La grève dans le RER A se poursuit aujourd’hui, pour la sixième journée consécutive, avec un trafic très perturbé aux heures de pointe et nul le reste de la journée. Le mouvement s’est étendu aujourd’hui à la ligne B du RER. Et le service minimum dans tout ça?

Le secrétaire général de l’Elysée, Claude Guéant, l’a reconnu lui-même ce mardi 15 décembre : l’application de la loi sur le service minimum n’est pas « satisfaisante ».

Le socialiste Laurent Fabius a estimé quant à lui que la situation de blocage dans le RER A révèle que « quand il y a un mouvement de fond », le service minimum ne « fonctionne pas » et a jugé « qu’il n’y a dans ce cas pas d’autre solution que de négocier » avec les syndicats.

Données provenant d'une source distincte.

lemma fourier_inversion:
  assumes "d > 0" and periodic: "\<forall>n. f (n + int d) = f n"
  shows "f n = (\<Sum>b\<in>{0..<int d}. fourier_coeff d f b * ee (- (of_int (b * n) / real d)))"
proof -
  have ee_diff: "ee (of_int (b * r) / real d) * ee (- (of_int (b * n) / real d))
      = ee (of_int (b * (r - n)) / real d)" for b r
    by (simp add: ee_add[symmetric] algebra_simps diff_divide_distrib)
  have "(\<Sum>b\<in>{0..<int d}. fourier_coeff d f b * ee (- (of_int (b * n) / real d)))
      = (\<Sum>b\<in>{0..<int d}. \<Sum>r\<in>{0..<int d}.
           of_real (1 / real d) * f r * ee (of_int (b * (r - n)) / real d))"
    unfolding fourier_coeff_def sum_distrib_left sum_distrib_right
    by (intro sum.cong refl) (simp only: ee_diff[symmetric] mult_ac)
  also have "\<dots> = (\<Sum>r\<in>{0..<int d}. of_real (1 / real d) * f r *
           (\<Sum>b\<in>{0..<int d}. ee (of_int (b * (r - n)) / real d)))"
    by (subst sum.swap) (simp add: sum_distrib_left)
  also have "\<dots> = (\<Sum>r\<in>{0..<int d}. if r = n mod int d then f r else 0)"
  proof (rule sum.cong[OF refl])
    fix r assume "r \<in> {0..<int d}"
    then have "int d dvd r - n \<longleftrightarrow> r = n mod int d"
      by (metis atLeastLessThan_iff mod_eq_dvd_iff mod_pos_pos_trivial)
    then show "of_real (1 / real d) * f r * (\<Sum>b\<in>{0..<int d}. ee (of_int (b * (r - n)) / real d))
        = (if r = n mod int d then f r else 0)"
      unfolding sum_ee_multiples[OF assms(1)] using assms(1) by simp
  qed
  also have "\<dots> = f n"
    using assms(1) by (simp add: periodic_mod[OF periodic])
  finally show ?thesis ..
qed

section \<open>Sums over intervals\<close>

lemma norm_geometric_sum_le:
  fixes z :: "'a :: real_normed_field"
  assumes "norm z = 1" "z \<noteq> 1"
  shows "norm (\<Sum>k<N. z ^ k) \<le> 2 / norm (z - 1)"
proof -
  have "norm (\<Sum>k<N. z ^ k) = norm (z ^ N - 1) / norm (z - 1)"
    unfolding geometric_sum[OF assms(2)] by (rule norm_divide)
  also have "\<dots> \<le> 2 / norm (z - 1)"
  proof (rule divide_right_mono)
    show "norm (z ^ N - 1) \<le> 2"
      using norm_triangle_ineq4[of "z ^ N" 1] assms(1) by (simp add: norm_power)
  qed simp
  finally show ?thesis .
qed

lemma norm_sum_ee_interval_le:
  fixes M :: int
  assumes "sin (pi * x) \<noteq> 0"
  shows "norm (\<Sum>n\<in>{M+1..M + int N}. ee (of_int n * x)) \<le> 1 / \<bar>sin (pi * x)\<bar>"
proof -
  have shift: "ee (of_int (M + 1 + int k) * x) = ee (of_int (M + 1) * x) * ee x ^ k" for k
  proof -
    have "of_int (M + 1 + int k) * x = of_int (M + 1) * x + real k * x"
      by (simp add: distrib_right)
    then show ?thesis by (simp only: ee_power ee_add)
  qed
  have "(\<Sum>n\<in>{M+1..M + int N}. ee (of_int n * x)) = ee (of_int (M + 1) * x) * (\<Sum>k<N. ee x ^ k)"
    unfolding sum_interval_int_eq shift by (rule sum_distrib_left[symmetric])
  then have "norm (\<Sum>n\<in>{M+1..M + int N}. ee (of_int n * x)) = norm (\<Sum>k<N. ee x ^ k)"
    by (simp add: norm_mult)
  also have "\<dots> \<le> 2 / norm (ee x - 1)"
    using assms norm_ee_minus_1[of x] by (intro norm_geometric_sum_le) auto
  also have "\<dots> = 1 / \<bar>sin (pi * x)\<bar>"
    by (simp add: norm_ee_minus_1)
  finally show ?thesis .
qed

lemma le_sin_pi:
  fixes x :: real
  assumes "0 \<le> x" "x \<le> 1 / 2"
  shows "x \<le> sin (pi * x)"
proof (cases "x \<le> 1 / 3")
  case True
  have "(\<lambda>t. sin (pi * t) - t) 0 \<le> (\<lambda>t. sin (pi * t) - t) x"
  proof (rule DERIV_nonneg_imp_nondecreasing[OF assms(1)])
    fix t assume t: "0 \<le> t" "t \<le> x"
    have "cos (pi / 3) \<le> cos (pi * t)"
      using t True by (intro cos_monotone_0_pi_le) auto
    then have "2 * cos (pi * t) \<le> pi * cos (pi * t)" and "1 \<le> 2 * cos (pi * t)"
      using pi_ge_two by (simp_all add: cos_60 mult_right_mono)
    then have "1 \<le> pi * cos (pi * t)"
      by linarith
    moreover have "((\<lambda>t. sin (pi * t) - t) has_real_derivative pi * cos (pi * t) - 1) (at t)"
      by (auto intro!: derivative_eq_intros)
    ultimately show "\<exists>y. ((\<lambda>t. sin (pi * t) - t) has_real_derivative y) (at t) \<and> 0 \<le> y"
      by force
  qed
  then show ?thesis by simp
next
  case False
  have "sqrt 3 / 2 \<le> sin (pi * x)"
    unfolding sin_60[symmetric]
    by (rule sin_monotone_2pi_le) (use False assms pi_ge_two in auto)
  moreover have "1 \<le> sqrt (3 :: real)"
    by simp
  ultimately show ?thesis
    using assms(2) by linarith
qed

lemma inverse_sin_pi_frac_le:
  fixes b d :: nat
  assumes "0 < b" "b < d"
  shows "1 / sin (pi * (real b / real d)) \<le> real d / real b + real d / real (d - b)"
proof (cases "2 * b \<le> d")
  case True
  then have "real b / real d \<le> sin (pi * (real b / real d))"
    using assms by (intro le_sin_pi) (auto simp: field_simps)
  then have "1 / sin (pi * (real b / real d)) \<le> 1 / (real b / real d)"
    using assms by (intro frac_le) simp_all
  then show ?thesis by (simp add: add_increasing2)
next
  case False
  have "real (d - b) / real d \<le> sin (pi * (real (d - b) / real d))"
    using False assms by (intro le_sin_pi) (auto simp: field_simps of_nat_diff)
  also have "pi * (real (d - b) / real d) = pi - pi * (real b / real d)"
    using assms by (simp add: field_simps of_nat_diff)
  finally have "real (d - b) / real d \<le> sin (pi * (real b / real d))"
    by simp
  then have "1 / sin (pi * (real b / real d)) \<le> 1 / (real (d - b) / real d)"
    using assms by (intro frac_le) simp_all
  then show ?thesis by (simp add: add_increasing)
qed

lemma sum_inverse_sin_pi_frac_le:
  assumes "d > 0"
  shows "(\<Sum>b\<in>{1..<d}. 1 / sin (pi * (real b / real d))) \<le> 2 * real d * harm (d - 1)"
proof -
  have "{1..<d} = {1..d - 1}"
    using assms by auto
  then have harm: "(\<Sum>b\<in>{1..<d}. 1 / real b) = harm (d - 1)"
    by (simp add: harm_def inverse_eq_divide)
  have reflect: "(\<Sum>b\<in>{1..<d}. 1 / real (d - b)) = (\<Sum>b\<in>{1..<d}. 1 / real b)"
    by (rule sum.reindex_bij_witness[where i = "\<lambda>b. d - b" and j = "\<lambda>b. d - b"]) auto
  have "(\<Sum>b\<in>{1..<d}. 1 / sin (pi * (real b / real d)))
      \<le> (\<Sum>b\<in>{1..<d}. real d * (1 / real b) + real d * (1 / real (d - b)))"
    by (rule sum_mono) (use inverse_sin_pi_frac_le in auto)
  also have "\<dots> = 2 * real d * harm (d - 1)"
    unfolding sum.distrib sum_distrib_left[symmetric] reflect harm by simp
  finally show ?thesis .
qed

lemma harm_pred_le_ln:
  assumes "d > 0"
  shows "harm (d - 1) \<le> 3 * ln (real d)"
proof (cases "d = 1")
  case False
  then have "d \<ge> 2" using assms by simp
  have "harm (d - 1) - ln (real (d - 1)) \<le> harm 1 - ln (real (1 :: nat))"
    by (rule euler_mascheroni_sequence_decreasing) (use \<open>d \<ge> 2\<close> in auto)
  moreover have "ln (real (d - 1)) \<le> ln (real d)"
    using \<open>d \<ge> 2\<close> by simp
  moreover have "ln 2 \<le> ln (real d)"
    using \<open>d \<ge> 2\<close> by simp
  moreover note ln2_ge_two_thirds
  ultimately show ?thesis
    by (simp add: harm_def)
qed (simp add: harm_def)

lemma sum_norm_ee_interval_le:
  fixes M :: int
  assumes "d > 0"
  shows "(\<Sum>b\<in>{0..<int d}. norm (\<Sum>n\<in>{M+1..M + int N}. ee (- (of_int (b * n) / real d))))
    \<le> real N + 2 * real d * harm (d - 1)"
proof -
  define G where "G b = norm (\<Sum>n\<in>{M+1..M + int N}. ee (- (of_int (b * n) / real d)))" for b
  have G_le: "G (int b) \<le> 1 / sin (pi * (real b / real d))" if "b \<in> {1..<d}" for b
  proof -
    have "0 < sin (pi * (real b / real d))"
      using that by (intro sin_gt_zero) (auto simp: field_simps)
    moreover have "ee (- (of_int (int b * n) / real d)) = ee (of_int n * - (real b / real d))" for n
      by (simp add: field_simps)
    ultimately show ?thesis
      unfolding G_def using norm_sum_ee_interval_le[of "- (real b / real d)" M N] by simp
  qed
  have "{..<d} = insert 0 {1..<d}"
    using assms by auto
  then have "(\<Sum>b\<in>{0..<int d}. G b) = G 0 + (\<Sum>b\<in>{1..<d}. G (int b))"
    by (simp add: sum_atLeastLessThan_int_eq)
  also have "G 0 = real N"
    unfolding G_def by (simp add: ee_def)
  also have "(\<Sum>b\<in>{1..<d}. G (int b)) \<le> (\<Sum>b\<in>{1..<d}. 1 / sin (pi * (real b / real d)))"
    by (rule sum_mono) (rule G_le)
  also have "\<dots> \<le> 2 * real d * harm (d - 1)"
    by (rule sum_inverse_sin_pi_frac_le[OF assms])
  finally show ?thesis
    unfolding G_def by simp
qed

lemma norm_sum_periodic_le:
  fixes M :: int
  assumes "d > 0" and periodic: "\<forall>n. f (n + int d) = f n"
  shows "norm (\<Sum>n\<in>{M+1..M + int N}. f n)
    \<le> max_fourier_coeff d f * (real N + 2 * real d * harm (d - 1))"
proof -
  define G where "G b = (\<Sum>n\<in>{M+1..M + int N}. ee (- (of_int (b * n) / real d)))" for b
  have "(\<Sum>n\<in>{M+1..M + int N}. f n)
      = (\<Sum>n\<in>{M+1..M + int N}. \<Sum>b\<in>{0..<int d}.
           fourier_coeff d f b * ee (- (of_int (b * n) / real d)))"
    by (intro sum.cong refl fourier_inversion assms)
  also have "\<dots> = (\<Sum>b\<in>{0..<int d}. fourier_coeff d f b * G b)"
    unfolding G_def sum_distrib_left by (rule sum.swap)
  finally have "norm (\<Sum>n\<in>{M+1..M + int N}. f n) = norm (\<Sum>b\<in>{0..<int d}. fourier_coeff d f b * G b)"
    by (rule arg_cong)
  also have "\<dots> \<le> (\<Sum>b\<in>{0..<int d}. norm (fourier_coeff d f b) * norm (G b))"
    unfolding norm_mult[symmetric] by (rule norm_sum)
  also have "\<dots> \<le> (\<Sum>b\<in>{0..<int d}. max_fourier_coeff d f * norm (G b))"
    by (intro sum_mono mult_right_mono norm_fourier_coeff_le_max assms norm_ge_zero)
  also have "\<dots> \<le> max_fourier_coeff d f * (real N + 2 * real d * harm (d - 1))"
    unfolding G_def sum_distrib_left[symmetric]
    by (intro mult_left_mono sum_norm_ee_interval_le max_fourier_coeff_nonneg assms)
  finally show ?thesis .
qed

De son côté, Jean-Paul Huchon, le président socialiste de la région Ile-de-France, estimait lundi dernier sur Radio Classique que la RATP avait les moyens de satisfaire les revendications des syndicats  :  « Nous versons à la RATP chaque année une subvention de 3 milliards d’euros pour faire fonctionner l’ensemble du réseau de la RATP. Je pense qu’ils ont les moyens » .

Avant toute chose, il faut rappeler les avantages dont bénéficient déjà les conducteurs de RER de la RATP. Assimilés fonctionnaires, ils bénéficient de l’emploi à vie. Ils débutent leur carrière à environ 1 800 euros bruts, pour la terminer à 2 600 euros bruts, hors primes.

Dans ce contexte de crise économique, les contribuables français ont de quoi être exaspérés par cette mobilisation injustifiée et coûteuse.